- _WHAT IS EXPECTED_
If a line in the listing below has the string "open", copy it out.

----

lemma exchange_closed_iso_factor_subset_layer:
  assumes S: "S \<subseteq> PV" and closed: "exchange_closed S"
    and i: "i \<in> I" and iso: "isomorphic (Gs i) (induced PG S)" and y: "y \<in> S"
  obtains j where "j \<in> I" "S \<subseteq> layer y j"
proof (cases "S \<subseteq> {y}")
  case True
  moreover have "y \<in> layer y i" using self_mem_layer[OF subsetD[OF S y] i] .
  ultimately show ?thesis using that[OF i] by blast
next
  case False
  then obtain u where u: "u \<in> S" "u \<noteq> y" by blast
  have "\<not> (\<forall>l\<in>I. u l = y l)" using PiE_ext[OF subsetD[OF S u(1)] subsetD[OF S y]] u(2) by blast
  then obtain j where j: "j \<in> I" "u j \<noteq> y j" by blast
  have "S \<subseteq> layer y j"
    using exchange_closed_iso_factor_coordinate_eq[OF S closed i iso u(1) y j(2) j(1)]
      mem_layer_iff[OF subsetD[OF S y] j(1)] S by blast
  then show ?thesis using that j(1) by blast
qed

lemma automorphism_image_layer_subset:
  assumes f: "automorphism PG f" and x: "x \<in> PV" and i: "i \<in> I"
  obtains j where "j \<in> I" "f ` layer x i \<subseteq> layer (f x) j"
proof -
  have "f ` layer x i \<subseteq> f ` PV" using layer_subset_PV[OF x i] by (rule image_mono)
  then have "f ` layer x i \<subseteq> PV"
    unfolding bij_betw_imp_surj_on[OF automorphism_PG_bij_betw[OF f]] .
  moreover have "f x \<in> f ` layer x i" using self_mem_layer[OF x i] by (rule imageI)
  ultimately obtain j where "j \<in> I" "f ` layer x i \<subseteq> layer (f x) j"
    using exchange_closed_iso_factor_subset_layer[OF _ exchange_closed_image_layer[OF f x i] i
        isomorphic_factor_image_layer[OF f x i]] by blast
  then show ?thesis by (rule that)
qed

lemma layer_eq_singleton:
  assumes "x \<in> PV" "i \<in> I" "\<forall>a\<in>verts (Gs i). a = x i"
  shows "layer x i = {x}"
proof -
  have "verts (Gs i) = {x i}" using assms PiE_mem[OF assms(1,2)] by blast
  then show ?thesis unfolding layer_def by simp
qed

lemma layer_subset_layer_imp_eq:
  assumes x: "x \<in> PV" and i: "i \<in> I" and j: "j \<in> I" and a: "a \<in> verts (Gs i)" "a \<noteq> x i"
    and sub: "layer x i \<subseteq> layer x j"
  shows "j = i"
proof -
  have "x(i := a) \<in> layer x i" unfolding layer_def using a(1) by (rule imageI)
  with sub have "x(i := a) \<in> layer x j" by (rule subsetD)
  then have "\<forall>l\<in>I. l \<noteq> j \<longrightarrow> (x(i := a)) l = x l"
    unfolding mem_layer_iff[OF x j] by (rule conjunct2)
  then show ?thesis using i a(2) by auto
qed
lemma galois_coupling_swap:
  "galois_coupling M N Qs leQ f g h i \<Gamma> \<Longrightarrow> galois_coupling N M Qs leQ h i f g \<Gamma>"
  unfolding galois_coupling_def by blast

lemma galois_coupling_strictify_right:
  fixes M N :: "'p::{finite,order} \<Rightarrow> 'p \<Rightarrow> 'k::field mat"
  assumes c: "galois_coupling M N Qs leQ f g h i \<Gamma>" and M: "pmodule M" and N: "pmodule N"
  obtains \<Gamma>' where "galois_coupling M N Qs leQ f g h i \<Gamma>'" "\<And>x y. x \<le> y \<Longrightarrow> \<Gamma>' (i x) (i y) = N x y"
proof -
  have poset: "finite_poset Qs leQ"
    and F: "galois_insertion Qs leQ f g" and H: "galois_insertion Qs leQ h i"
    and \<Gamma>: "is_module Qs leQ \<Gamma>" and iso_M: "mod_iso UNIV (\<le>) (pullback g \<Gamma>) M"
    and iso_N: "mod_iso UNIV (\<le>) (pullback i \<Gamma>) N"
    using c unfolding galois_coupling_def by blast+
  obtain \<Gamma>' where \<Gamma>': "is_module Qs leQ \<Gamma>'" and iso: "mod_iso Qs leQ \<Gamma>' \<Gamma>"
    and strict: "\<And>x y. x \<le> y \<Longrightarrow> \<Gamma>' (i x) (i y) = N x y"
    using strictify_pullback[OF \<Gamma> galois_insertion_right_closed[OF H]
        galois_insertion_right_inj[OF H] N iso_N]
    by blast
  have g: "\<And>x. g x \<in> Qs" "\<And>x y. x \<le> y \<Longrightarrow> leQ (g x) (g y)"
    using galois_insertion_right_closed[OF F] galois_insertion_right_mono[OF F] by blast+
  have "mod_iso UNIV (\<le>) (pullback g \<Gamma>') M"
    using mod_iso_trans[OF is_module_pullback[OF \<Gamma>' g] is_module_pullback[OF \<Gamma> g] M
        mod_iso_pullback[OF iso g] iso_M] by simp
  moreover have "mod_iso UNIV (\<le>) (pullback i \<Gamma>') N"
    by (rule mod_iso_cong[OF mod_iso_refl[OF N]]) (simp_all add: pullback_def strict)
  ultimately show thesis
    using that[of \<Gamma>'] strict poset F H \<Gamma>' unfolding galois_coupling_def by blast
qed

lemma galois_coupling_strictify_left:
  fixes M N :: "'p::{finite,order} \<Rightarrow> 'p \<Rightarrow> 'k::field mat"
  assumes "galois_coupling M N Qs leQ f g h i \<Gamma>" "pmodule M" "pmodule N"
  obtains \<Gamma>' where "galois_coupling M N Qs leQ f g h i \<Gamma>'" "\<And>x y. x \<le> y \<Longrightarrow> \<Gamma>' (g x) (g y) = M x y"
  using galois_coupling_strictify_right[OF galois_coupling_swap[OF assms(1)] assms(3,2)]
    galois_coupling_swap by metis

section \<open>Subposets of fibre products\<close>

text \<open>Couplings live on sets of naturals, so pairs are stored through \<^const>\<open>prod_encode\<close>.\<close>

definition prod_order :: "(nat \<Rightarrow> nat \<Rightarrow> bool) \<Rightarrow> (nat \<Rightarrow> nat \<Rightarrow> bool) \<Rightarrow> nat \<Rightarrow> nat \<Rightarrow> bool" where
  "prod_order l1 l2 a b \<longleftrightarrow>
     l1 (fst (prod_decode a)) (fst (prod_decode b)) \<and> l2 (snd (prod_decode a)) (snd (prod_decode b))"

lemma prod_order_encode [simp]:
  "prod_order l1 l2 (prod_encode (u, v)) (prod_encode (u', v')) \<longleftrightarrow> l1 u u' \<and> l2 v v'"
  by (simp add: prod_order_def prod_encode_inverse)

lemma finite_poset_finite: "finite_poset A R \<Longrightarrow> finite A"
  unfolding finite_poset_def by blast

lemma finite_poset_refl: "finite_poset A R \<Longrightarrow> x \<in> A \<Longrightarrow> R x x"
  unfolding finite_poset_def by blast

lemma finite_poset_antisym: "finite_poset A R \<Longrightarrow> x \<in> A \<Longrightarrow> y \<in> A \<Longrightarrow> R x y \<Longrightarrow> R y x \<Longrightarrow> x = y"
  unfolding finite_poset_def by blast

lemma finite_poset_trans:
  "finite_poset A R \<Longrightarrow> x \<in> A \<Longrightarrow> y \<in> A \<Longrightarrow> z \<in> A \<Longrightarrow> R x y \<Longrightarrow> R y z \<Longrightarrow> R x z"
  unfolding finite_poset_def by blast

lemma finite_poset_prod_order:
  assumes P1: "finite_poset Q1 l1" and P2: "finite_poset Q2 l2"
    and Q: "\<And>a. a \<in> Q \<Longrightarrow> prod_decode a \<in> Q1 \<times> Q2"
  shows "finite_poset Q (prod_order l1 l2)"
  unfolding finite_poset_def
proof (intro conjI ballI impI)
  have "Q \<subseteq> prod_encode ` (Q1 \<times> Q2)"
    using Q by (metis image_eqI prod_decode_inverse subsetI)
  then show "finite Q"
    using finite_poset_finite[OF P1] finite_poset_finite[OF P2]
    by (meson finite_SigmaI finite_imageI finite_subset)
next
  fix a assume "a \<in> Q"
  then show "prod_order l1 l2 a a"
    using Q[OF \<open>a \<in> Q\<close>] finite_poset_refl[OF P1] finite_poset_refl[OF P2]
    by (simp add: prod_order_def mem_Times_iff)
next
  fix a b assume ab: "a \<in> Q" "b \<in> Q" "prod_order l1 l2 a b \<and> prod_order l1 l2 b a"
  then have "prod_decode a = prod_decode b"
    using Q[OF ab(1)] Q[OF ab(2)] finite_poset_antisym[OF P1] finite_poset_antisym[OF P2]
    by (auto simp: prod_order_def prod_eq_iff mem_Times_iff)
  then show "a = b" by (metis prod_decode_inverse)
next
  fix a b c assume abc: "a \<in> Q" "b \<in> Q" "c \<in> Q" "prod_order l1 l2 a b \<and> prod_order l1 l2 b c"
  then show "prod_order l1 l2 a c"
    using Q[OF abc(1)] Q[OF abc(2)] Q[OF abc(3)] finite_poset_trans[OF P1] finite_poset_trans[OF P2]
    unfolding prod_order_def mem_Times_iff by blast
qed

----

- _ANSWER_
section \<open>Subposets of fibre products\<close>
text \<open>Couplings live on sets of naturals, so pairs are stored through \<^const>\<open>prod_encode\<close>.\<close>
    using Q[OF \<open>a \<in> Q\<close>] finite_poset_refl[OF P1] finite_poset_refl[OF P2]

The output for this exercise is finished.